The recent publication of the University figures for animal experimentation in 2016 will have left many in a state of confusion.  As members of an activist generation, should we be storming our way to the Chancellor’s office and demanding the cessation of such cruelty on our campus, or is there in fact another side to the story?

‘Educated discourse is too often drowned by angry voices, seldom grounded in fact and reality’

The answer to such a  question remains unclear, mainly due to our society’s lack of understanding when it comes to the who, what and where of animal research. Educated discourse is too often drowned by angry voices, seldom grounded in fact and reality, whilst research departments remain secretive kingdoms closed off from public view.

This year I had a two-week placement in such an establishment and I admit I arrived wholly sceptical about the sights I was about to witness. Images of white rabbits tied down to tables, with scientists injecting every chemical under the sun sprung rapidly to mind. I am after all, the girl who read Peter Singer throughout her youth, appalled with every page documenting yet another cruel and needless experiment- particularly those involving primates in the US.

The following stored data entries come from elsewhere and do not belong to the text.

(* Let $p\in(0,1)$ and let $(\lambda_n)_{n\ge1}$ be a sequence with $\lambda_1=1$ and $0<\lambda_n\le\lambda_{n-1}$ for all $n>1$. Let $r_1,r_2,\dots$ be $\{0,1\}$-valued random variables with $\Pr(r_1=1)=p$ and, for every $n\ge2$, $\Pr(r_n=1\mid r_1,\dots,r_{n-1})=\lambda_n p+(1-\lambda_n)\bar p_{n-1}$, where $\bar p_m=\frac1m\sum_{i=1}^m r_i$. Define $\hat r_1=r_1$, $\hat r_i=\frac{r_i-(1-\lambda_i)\bar p_{i-1}}{\lambda_i}$ for $i\ge2$, and for positive weights $(\omega_i)$ let $\hat p_n=\frac{\sum_{i=1}^n\omega_i\hat r_i}{\sum_{i=1}^n\omega_i}$. (a) If $\omega_i=1$ for all $i$ and $\sum_{i=1}^n\lambda_i^{-2}=o(n^2)$ as $n\to\infty$, then $\hat p_n$ is a consistent estimator of $p$, i.e. $\Pr(|\hat p_n-p|>\epsilon)\to0$ for every $\epsilon>0$. (b) If $\omega_i=\lambda_i$ for all $i$ and $n=o\big((\sum_{i=1}^n\lambda_i)^2\big)$ as $n\to\infty$, then $\hat p_n$ is a consistent estimator of $p$. *)

theory Defs
  imports "HOL-Probability.Probability" "HOL-Library.Landau_Symbols"
begin

text \<open>Random variables are indexed from 1: r 1, r 2, ...\<close>

definition pbar :: "(nat \<Rightarrow> 'a \<Rightarrow> real) \<Rightarrow> nat \<Rightarrow> 'a \<Rightarrow> real" where
  "pbar r m x = (\<Sum>i=1..m. r i x) / real m"

definition rhat :: "(nat \<Rightarrow> real) \<Rightarrow> (nat \<Rightarrow> 'a \<Rightarrow> real) \<Rightarrow> nat \<Rightarrow> 'a \<Rightarrow> real" where
  "rhat lam r i x = (if i = 1 then r 1 x
                     else (r i x - (1 - lam i) * pbar r (i - 1) x) / lam i)"

definition phat :: "(nat \<Rightarrow> real) \<Rightarrow> (nat \<Rightarrow> real) \<Rightarrow> (nat \<Rightarrow> 'a \<Rightarrow> real) \<Rightarrow> nat \<Rightarrow> 'a \<Rightarrow> real" where
  "phat w lam r n x = (\<Sum>i=1..n. w i * rhat lam r i x) / (\<Sum>i=1..n. w i)"

definition consistent_estimator :: "'a measure \<Rightarrow> (nat \<Rightarrow> 'a \<Rightarrow> real) \<Rightarrow> real \<Rightarrow> bool" where
  "consistent_estimator M est p \<longleftrightarrow>
     (\<forall>\<epsilon>>0. (\<lambda>n. measure M {x \<in> space M. \<bar>est n x - p\<bar> > \<epsilon>}) \<longlonglongrightarrow> 0)"

end

theory Submission
  imports Defs
begin

text \<open>
  Let \<open>c\<^sub>n = \<lambda>\<^sub>n p + (1 - \<lambda>\<^sub>n) pbar (n - 1)\<close> be the conditional success probability of \<open>r\<^sub>n\<close>
  given \<open>r\<^sub>1, \<dots>, r\<^sub>n\<^sub>-\<^sub>1\<close>. The innovations \<open>e\<^sub>n = r\<^sub>n - c\<^sub>n\<close> are martingale differences bounded
  by 1, and \<open>rhat\<^sub>i = p + e\<^sub>i / \<lambda>\<^sub>i\<close>, so \<open>phat\<^sub>n - p = (\<Sum>\<omega>\<^sub>i e\<^sub>i / \<lambda>\<^sub>i) / \<Sum>\<omega>\<^sub>i\<close>.
  Martingale differences are orthogonal in \<open>L\<^sup>2\<close>, hence
  \<open>E (phat\<^sub>n - p)\<^sup>2 \<le> \<Sum>(\<omega>\<^sub>i / \<lambda>\<^sub>i)\<^sup>2 / (\<Sum>\<omega>\<^sub>i)\<^sup>2\<close>, and each of the two growth conditions
  makes this bound tend to 0. Chebyshev's inequality turns mean-square convergence into
  convergence in probability.
\<close>

lemma integrable_square_sum:
  fixes d :: "'i \<Rightarrow> 'a \<Rightarrow> real"
  assumes "\<And>i j. i \<in> I \<Longrightarrow> j \<in> I \<Longrightarrow> integrable M (\<lambda>x. d i x * d j x)"
  shows "integrable M (\<lambda>x. (\<Sum>i\<in>I. d i x)^2)"
  using assms by (simp add: power2_eq_square sum_product)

‘I found the unit to be … cruelty free’

Thankfully I found the unit to be primate -and I would go one step further to add – cruelty free. Cruelty after all is defined as ‘indifference to and pleasure in inflicting suffering’, not applicable in any shape or form to the animal care I saw taking place within the establishments walls. The interior was calm and clean – with rodents housed in containers – each furnished with sawdust, nesting material, water and food. As well as enrichment in the shape of cardboard tubes and plastic houses to shelter under – just as you gave your hamster as a child.

‘Far more stringent measures for lab rodents than the legislation which surrounds your cat, dog or horse’

Every animal within the University’s walls, that’s 26,990 in 2016, will be accounted for by means of a licence. Granted by the Home Office, this states the severity of the procedure  – rated mild, moderate or  – as well as stipulating which staff members are legally responsible for the animal. These licences are legally approved by a select committee at the University – a panel containing a Veterinary Surgeon, Welfare Officer and Lay member (A randomly selected member of University staff). All this legality is part and parcel of the Animals in Scientific Procedures Act 1986 (ASPA) and, as far as legislation goes, it is one of the most water tight in the UK’s’ legal tool box’ of animal protection with arguably far more stringent measures for lab rodents than the legislation which surrounds your cat, dog or horse.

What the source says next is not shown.